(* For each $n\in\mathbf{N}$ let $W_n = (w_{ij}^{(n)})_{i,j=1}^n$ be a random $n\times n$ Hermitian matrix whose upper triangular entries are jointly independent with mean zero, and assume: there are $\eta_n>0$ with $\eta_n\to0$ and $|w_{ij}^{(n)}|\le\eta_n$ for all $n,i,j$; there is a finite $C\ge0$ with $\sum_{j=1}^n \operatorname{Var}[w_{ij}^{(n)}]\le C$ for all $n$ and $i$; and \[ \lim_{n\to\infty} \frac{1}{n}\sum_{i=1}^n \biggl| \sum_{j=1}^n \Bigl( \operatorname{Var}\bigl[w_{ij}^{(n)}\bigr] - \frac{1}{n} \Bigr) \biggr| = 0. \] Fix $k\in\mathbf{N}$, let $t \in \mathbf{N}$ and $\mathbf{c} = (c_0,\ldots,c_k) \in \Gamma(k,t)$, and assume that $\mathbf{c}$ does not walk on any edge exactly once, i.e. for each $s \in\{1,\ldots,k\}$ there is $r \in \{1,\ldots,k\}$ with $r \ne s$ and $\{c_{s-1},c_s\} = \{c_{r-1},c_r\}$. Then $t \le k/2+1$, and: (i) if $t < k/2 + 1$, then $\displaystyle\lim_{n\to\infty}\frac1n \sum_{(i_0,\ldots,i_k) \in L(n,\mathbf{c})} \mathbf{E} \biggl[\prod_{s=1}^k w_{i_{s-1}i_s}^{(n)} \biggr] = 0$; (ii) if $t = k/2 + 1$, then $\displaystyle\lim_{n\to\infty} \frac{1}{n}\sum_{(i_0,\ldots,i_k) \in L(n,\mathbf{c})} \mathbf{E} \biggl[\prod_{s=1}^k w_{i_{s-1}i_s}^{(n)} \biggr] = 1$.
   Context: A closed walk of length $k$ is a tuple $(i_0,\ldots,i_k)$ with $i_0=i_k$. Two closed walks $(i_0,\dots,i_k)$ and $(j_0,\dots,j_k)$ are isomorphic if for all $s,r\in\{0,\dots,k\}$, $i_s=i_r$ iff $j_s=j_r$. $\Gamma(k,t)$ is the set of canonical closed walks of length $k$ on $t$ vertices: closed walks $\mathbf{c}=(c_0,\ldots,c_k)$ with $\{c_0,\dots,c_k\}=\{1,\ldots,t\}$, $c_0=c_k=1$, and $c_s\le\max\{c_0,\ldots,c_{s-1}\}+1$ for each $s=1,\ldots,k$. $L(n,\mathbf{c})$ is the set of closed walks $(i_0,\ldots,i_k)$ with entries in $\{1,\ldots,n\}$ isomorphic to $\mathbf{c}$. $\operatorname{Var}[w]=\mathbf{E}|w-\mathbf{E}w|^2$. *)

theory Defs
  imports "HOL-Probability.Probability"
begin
---
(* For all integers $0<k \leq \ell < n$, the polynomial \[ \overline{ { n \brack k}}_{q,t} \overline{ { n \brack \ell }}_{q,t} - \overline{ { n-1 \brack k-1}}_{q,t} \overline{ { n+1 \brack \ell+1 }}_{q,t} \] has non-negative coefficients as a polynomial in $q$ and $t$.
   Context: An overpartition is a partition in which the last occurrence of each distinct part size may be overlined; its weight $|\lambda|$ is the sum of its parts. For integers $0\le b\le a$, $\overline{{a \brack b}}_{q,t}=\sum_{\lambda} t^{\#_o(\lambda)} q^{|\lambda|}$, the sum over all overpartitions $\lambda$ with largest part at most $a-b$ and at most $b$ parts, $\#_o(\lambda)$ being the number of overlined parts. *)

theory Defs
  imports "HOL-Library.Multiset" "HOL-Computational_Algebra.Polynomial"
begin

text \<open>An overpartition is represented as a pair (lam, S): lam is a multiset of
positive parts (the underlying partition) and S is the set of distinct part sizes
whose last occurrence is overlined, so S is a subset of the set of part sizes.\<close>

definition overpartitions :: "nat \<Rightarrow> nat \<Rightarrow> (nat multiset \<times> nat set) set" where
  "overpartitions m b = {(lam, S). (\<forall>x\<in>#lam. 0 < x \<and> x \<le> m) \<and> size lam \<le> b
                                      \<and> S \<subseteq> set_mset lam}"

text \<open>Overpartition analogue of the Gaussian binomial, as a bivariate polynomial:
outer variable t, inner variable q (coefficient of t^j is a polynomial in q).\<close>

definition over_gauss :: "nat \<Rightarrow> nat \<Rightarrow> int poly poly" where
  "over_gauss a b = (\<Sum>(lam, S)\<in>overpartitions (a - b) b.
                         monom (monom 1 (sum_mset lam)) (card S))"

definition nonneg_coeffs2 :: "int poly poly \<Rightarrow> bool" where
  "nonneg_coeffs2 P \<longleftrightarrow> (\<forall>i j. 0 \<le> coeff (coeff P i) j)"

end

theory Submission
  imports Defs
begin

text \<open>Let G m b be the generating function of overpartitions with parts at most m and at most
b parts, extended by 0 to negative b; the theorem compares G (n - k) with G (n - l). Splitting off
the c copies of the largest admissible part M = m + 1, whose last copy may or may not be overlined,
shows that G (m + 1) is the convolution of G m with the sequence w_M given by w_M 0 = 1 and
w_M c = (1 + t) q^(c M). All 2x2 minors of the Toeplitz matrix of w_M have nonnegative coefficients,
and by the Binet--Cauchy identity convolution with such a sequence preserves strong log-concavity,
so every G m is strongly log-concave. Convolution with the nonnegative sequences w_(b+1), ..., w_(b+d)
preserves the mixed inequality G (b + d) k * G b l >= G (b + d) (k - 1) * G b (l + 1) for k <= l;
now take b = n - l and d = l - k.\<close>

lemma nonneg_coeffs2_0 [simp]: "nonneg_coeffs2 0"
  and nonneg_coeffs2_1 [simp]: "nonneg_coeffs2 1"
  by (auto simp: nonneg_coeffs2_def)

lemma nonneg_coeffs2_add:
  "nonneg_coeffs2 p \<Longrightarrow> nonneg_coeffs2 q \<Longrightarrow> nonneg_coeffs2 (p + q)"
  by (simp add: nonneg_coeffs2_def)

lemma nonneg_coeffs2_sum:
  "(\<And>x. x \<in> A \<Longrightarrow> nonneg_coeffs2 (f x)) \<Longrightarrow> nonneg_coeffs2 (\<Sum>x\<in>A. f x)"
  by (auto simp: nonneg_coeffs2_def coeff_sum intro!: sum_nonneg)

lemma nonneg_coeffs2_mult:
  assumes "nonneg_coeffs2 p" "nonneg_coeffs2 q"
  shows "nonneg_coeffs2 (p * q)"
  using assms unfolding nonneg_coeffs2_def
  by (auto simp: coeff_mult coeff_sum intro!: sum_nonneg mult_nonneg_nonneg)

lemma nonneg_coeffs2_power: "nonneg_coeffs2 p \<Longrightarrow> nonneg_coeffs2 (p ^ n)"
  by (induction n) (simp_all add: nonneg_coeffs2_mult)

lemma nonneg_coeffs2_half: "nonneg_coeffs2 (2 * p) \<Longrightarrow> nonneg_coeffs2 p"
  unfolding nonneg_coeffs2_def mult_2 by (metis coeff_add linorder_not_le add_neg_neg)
---
In the material above, transcribe exactly the lines beginning at the one with "by (induction n)" and ending at the one with "unfolding nonneg_coeffs2_def mult_2", both included.

  by (induction n) (simp_all add: nonneg_coeffs2_mult)

lemma nonneg_coeffs2_half: "nonneg_coeffs2 (2 * p) \<Longrightarrow> nonneg_coeffs2 p"
  unfolding nonneg_coeffs2_def mult_2 by (metis coeff_add linorder_not_le add_neg_neg)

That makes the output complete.